1. Confirm where are reads are on the gene (plot, from most 3' UTR to least 3' UTR). Can we support this type of study scRNA-seq wise: https://www.ncbi.nlm.nih.gov/pubmed/30290838 ?
2. Look at the RNA and find deviations from the refrence.
3. Look at the DNA and filter out all somatic/germline mutations from the RNA editing.
4. Looking at germline/somatic mutations. Can we confirm patient identity with the germline mutations?
5. What's the ratio of germline/somatic mutations? Can we see somatic mutation in RNA.
6. Can we see any spatial differences in cancers with various subclones and 3' UTR mRNA editing?
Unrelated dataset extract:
(* Let $(\mathcal A,(p_n)_{n\in\mathbb N})$ and $(\mathcal B,(q_m)_{m\in\mathbb N})$ be Fréchet algebras and let $\varphi:\mathcal A\to\mathcal B$ be a continuous homomorphism with dense range. Let $I$ be a closed ideal of $\mathcal A$ and $J$ a closed ideal of $\mathcal B$ such that $\varphi(I)\subseteq J$. If $\mathcal A$ has a locally bounded approximate diagonal modulo $I$, then $\mathcal B$ has a locally bounded approximate diagonal modulo $J$.
   Context: A Fréchet algebra $(\mathcal A,(p_n))$ is a complete Hausdorff topological algebra whose topology is given by an increasing sequence $p_1\le p_2\le\cdots$ of submultiplicative seminorms. For a closed ideal $I$ of $\mathcal A$, $\mathcal A/I$ is a Fréchet algebra with seminorms $\hat p_n(a+I)=\inf\{p_n(a+b):b\in I\}$; write $\tilde a=a+I$. Let $\frac{\mathcal A}{I}\widehat\otimes\frac{\mathcal A}{I}$ be the completed projective tensor product, with seminorms $\hat r_n(M)=\inf\{\sum_i \hat p_n(x_i)\hat p_n(y_i): M=\sum_i x_i\otimes y_i\}$. It is an $\mathcal A$-bimodule via $a\cdot((b+I)\otimes(c+I))=(ab+I)\otimes(c+I)$ and $((b+I)\otimes(c+I))\cdot a=(b+I)\otimes(ca+I)$; $\mathcal A$ acts on $\mathcal A/I$ by $a\cdot(b+I)=ab+I$. The diagonal map $\pi_{\mathcal A/I}:\frac{\mathcal A}{I}\widehat\otimes\frac{\mathcal A}{I}\to\frac{\mathcal A}{I}$ is the continuous linear map with $(b+I)\otimes(c+I)\mapsto bc+I$. $\mathcal A$ has a locally bounded approximate diagonal modulo $I$ if there exist positive reals $C_n$ ($n\in\mathbb N$) such that for every finite set $F\subseteq\mathcal A\setminus I$, every $n\in\mathbb N$ and every $\varepsilon>0$ there is $M\in\frac{\mathcal A}{I}\widehat\otimes\frac{\mathcal A}{I}$ with $\hat r_n(M)\le C_n$, $\hat r_n(a\cdot M-M\cdot a)<\varepsilon$ for all $a\in F$, and $\hat p_n(a\cdot\pi_{\mathcal A/I}(M)-\tilde a)<\varepsilon$ for all $a\in\mathcal A$. The analogous notions are used for $\mathcal B$, $J$ and the seminorms $q_m$. *)

theory Defs
  imports Main "HOL.Real_Vector_Spaces"
begin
Interesting reading: https://www.ncbi.nlm.nih.gov/pubmed/24289319

In [123]:
import pysam
import collections
import time

bam_filename = "5k_pbmc_protein_v3_calmd.bam"
result_filename = "5k_pbmc_protein_v3_calmd_gene_long_intron_removed.bam"

limit = -1

# Filter out all reads which don't map to a gene

In [21]:
def read_ref_seq(aligned_pairs, read_seq):
    result = []
    for read_coord, ref_coord, reference_base in aligned_pairs:
        try:
            read_base = read_seq[read_coord]
        except TypeError as e:
            read_base = None
        result.append((read_base, reference_base))
    return result

In [28]:
flag_counter = collections.Counter()
total_reads = 0
after_duplicates = 0
after_genes_only = 0
good_reads = 0
genes = set()

with pysam.AlignmentFile(bam_filename, "rb") as f:
    with pysam.AlignmentFile(result_filename, "wb", template=f) as g:
        for i, read in enumerate(f):
            if i == limit:
                break
            
            total_reads += 1
            
            flag_counter[read.flag] += 1
            
            if read.flag & 0x900 != 0:
                continue
            
            after_duplicates += 1
            
            tags = {i:j for i, j in read.get_tags()}
            try:
                genes.add(tags["GN"])
            except KeyError:
                continue
            
            after_genes_only += 1
            
            long_intron = False
            for code, length in read.cigartuples:
                if code == 3 and length > 10000:
                        long_intron = True
            if long_intron:
                continue
            
            good_reads += 1
            g.write(read)

In [29]:
print("Reads flags:", flag_counter)
print("Total reads:", total_reads)
print("Reads after secondary alignment removal:", after_duplicates)
print("Reads after discarding whatever didn't map to a gene:", after_genes_only)
print("Reads after discarding all reads with long introns:", good_reads)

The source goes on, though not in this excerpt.